=== ABOUT THIS TASK ===
Set down, character for character, everything in the records below from the line holding "(\<forall>u\<in>h. f u" down to the line holding "ultimately obtain g", and no other line.

(TASK INPUT Opens)

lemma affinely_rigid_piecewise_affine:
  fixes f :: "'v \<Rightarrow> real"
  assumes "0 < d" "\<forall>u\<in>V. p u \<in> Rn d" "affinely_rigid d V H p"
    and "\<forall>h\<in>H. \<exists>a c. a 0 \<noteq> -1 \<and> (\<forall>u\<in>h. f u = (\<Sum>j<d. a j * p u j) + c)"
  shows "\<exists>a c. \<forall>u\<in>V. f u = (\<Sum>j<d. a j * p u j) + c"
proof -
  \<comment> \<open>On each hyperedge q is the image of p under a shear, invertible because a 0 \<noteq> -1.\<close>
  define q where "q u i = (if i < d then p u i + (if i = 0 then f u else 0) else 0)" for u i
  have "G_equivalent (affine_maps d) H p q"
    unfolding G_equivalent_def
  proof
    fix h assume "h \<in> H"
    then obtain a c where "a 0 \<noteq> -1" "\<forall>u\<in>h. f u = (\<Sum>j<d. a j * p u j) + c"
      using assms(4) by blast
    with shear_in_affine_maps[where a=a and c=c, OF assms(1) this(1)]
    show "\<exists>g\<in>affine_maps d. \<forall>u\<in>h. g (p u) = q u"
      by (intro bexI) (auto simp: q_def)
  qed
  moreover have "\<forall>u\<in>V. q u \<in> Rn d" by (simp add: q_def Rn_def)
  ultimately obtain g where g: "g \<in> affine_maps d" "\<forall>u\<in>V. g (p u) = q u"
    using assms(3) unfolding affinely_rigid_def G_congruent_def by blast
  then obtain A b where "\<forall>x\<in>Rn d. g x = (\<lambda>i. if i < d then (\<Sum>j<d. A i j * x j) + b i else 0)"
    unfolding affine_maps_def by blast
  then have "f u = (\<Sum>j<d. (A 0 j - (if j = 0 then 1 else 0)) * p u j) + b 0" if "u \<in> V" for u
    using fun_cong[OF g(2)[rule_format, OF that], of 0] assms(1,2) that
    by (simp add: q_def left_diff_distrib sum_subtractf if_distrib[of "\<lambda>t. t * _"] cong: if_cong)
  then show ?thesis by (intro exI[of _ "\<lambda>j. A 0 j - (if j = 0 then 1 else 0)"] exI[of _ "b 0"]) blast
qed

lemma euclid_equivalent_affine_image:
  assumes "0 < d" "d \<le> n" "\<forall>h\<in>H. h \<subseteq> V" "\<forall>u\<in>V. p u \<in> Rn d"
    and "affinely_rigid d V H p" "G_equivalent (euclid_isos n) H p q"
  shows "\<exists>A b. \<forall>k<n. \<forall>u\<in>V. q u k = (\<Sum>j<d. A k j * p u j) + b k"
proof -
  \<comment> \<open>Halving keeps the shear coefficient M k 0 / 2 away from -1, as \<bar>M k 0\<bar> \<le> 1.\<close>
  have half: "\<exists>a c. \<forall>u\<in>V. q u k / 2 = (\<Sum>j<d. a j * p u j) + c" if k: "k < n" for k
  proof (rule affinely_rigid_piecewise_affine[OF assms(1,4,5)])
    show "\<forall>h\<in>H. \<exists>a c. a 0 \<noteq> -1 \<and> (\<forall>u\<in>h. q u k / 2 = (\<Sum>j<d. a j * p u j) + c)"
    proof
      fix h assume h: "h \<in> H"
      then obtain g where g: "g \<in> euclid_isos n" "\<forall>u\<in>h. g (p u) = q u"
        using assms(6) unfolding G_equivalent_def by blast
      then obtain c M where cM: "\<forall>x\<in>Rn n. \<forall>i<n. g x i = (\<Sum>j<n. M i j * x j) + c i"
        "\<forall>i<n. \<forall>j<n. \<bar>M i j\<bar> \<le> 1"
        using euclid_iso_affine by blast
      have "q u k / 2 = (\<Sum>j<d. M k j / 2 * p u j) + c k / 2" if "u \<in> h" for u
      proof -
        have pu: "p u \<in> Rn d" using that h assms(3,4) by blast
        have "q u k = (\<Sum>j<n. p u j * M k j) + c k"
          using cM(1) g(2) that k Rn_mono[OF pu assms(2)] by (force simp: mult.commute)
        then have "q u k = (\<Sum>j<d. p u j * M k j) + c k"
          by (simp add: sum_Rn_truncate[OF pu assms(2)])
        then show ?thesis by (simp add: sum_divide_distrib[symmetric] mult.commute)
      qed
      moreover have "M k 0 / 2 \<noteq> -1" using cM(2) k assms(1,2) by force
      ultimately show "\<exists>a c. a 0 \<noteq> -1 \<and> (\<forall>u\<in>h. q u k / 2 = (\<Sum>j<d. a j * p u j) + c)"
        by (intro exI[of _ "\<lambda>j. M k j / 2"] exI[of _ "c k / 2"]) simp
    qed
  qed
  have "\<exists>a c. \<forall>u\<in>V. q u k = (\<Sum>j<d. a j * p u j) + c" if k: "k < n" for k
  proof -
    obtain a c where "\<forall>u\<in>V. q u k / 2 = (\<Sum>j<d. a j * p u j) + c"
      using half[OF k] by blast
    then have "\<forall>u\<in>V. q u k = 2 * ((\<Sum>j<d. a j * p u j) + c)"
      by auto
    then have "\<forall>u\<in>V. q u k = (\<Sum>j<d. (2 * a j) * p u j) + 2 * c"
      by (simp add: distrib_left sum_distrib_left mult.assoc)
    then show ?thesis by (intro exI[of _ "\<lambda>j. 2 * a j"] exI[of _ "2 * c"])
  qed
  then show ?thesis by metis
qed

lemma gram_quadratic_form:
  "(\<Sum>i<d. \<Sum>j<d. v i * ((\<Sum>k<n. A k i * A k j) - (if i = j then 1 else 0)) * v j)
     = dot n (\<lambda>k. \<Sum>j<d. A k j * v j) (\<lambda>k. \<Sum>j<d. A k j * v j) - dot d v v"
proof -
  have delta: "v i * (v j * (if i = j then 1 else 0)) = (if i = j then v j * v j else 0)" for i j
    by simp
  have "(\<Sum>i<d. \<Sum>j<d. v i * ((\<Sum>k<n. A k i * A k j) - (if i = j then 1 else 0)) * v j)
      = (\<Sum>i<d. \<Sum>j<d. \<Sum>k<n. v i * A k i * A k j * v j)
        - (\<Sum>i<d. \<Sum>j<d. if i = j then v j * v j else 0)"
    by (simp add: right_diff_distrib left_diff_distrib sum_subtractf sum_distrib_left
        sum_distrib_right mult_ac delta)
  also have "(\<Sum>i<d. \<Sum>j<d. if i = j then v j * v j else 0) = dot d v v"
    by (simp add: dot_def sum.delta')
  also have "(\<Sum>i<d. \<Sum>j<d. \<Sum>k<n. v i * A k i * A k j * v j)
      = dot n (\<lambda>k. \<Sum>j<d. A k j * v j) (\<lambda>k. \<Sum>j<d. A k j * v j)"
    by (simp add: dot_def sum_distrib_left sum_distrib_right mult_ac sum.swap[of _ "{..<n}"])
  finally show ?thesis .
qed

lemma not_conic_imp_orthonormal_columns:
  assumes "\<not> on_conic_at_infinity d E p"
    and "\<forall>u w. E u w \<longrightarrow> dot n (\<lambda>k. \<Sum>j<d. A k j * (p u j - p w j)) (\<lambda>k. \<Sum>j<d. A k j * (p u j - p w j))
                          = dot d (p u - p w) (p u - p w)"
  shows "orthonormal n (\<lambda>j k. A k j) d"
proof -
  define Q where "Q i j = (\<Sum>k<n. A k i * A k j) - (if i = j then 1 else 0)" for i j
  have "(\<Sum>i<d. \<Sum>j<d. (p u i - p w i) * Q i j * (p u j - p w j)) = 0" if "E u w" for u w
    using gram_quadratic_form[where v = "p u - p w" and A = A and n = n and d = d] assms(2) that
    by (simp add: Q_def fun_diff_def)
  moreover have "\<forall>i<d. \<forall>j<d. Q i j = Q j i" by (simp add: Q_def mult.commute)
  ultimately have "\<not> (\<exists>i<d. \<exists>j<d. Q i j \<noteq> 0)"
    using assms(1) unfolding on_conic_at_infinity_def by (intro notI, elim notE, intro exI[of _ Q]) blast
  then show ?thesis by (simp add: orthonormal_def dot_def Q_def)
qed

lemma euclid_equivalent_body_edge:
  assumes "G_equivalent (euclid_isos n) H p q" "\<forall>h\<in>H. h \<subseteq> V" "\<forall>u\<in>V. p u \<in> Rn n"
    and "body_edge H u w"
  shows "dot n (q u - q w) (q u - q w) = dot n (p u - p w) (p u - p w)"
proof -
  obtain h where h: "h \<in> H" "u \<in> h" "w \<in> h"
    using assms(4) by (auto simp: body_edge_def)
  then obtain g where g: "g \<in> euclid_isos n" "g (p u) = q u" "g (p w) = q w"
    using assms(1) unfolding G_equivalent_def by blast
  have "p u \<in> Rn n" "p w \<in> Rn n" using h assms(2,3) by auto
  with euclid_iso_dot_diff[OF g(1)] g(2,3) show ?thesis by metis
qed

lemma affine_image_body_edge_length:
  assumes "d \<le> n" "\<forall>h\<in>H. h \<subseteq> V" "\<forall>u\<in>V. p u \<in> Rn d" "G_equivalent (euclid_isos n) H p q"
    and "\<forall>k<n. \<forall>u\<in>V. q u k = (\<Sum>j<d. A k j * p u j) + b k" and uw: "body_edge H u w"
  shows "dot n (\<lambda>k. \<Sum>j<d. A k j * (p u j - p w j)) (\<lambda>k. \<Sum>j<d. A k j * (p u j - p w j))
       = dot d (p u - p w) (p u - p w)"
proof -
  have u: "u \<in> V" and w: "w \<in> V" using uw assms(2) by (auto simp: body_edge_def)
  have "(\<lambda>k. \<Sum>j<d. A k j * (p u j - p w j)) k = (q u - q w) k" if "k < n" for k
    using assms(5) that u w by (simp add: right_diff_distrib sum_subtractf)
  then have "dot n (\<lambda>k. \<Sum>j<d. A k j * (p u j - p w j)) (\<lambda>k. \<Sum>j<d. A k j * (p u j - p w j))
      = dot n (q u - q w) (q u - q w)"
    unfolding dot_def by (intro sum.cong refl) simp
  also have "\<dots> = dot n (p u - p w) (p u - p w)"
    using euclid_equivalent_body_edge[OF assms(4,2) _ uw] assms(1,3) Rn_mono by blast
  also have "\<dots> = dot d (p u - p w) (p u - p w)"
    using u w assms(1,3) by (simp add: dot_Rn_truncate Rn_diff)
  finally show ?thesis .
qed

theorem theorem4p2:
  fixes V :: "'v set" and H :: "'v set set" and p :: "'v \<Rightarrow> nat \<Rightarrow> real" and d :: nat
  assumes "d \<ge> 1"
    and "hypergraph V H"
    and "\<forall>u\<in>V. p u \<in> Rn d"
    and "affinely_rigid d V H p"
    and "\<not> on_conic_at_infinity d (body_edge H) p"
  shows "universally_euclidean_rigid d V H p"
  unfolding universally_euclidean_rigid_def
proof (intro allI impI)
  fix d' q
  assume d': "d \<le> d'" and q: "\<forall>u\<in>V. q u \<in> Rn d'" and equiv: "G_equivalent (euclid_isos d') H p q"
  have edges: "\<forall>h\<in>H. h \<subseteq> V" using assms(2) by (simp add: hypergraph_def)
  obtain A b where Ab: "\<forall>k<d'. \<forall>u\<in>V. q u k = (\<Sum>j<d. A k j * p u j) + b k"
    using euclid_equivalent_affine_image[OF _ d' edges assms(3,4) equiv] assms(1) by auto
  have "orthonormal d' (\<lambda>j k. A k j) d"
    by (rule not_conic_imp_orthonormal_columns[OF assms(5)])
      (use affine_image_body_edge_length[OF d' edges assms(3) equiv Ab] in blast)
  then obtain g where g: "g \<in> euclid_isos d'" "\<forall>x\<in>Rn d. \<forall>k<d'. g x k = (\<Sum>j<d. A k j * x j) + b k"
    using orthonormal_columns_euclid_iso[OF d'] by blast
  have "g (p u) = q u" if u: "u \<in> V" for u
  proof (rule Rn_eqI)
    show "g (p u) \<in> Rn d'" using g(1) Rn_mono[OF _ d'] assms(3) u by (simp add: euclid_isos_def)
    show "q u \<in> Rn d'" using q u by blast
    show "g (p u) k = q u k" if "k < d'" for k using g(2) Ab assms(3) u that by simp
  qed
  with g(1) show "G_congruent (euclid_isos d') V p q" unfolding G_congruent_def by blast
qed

(TASK INPUT Closes)

=== RESULT ===
    and "\<forall>h\<in>H. \<exists>a c. a 0 \<noteq> -1 \<and> (\<forall>u\<in>h. f u = (\<Sum>j<d. a j * p u j) + c)"
  shows "\<exists>a c. \<forall>u\<in>V. f u = (\<Sum>j<d. a j * p u j) + c"
proof -
  \<comment> \<open>On each hyperedge q is the image of p under a shear, invertible because a 0 \<noteq> -1.\<close>
  define q where "q u i = (if i < d then p u i + (if i = 0 then f u else 0) else 0)" for u i
  have "G_equivalent (affine_maps d) H p q"
    unfolding G_equivalent_def
  proof
    fix h assume "h \<in> H"
    then obtain a c where "a 0 \<noteq> -1" "\<forall>u\<in>h. f u = (\<Sum>j<d. a j * p u j) + c"
      using assms(4) by blast
    with shear_in_affine_maps[where a=a and c=c, OF assms(1) this(1)]
    show "\<exists>g\<in>affine_maps d. \<forall>u\<in>h. g (p u) = q u"
      by (intro bexI) (auto simp: q_def)
  qed
  moreover have "\<forall>u\<in>V. q u \<in> Rn d" by (simp add: q_def Rn_def)
  ultimately obtain g where g: "g \<in> affine_maps d" "\<forall>u\<in>V. g (p u) = q u"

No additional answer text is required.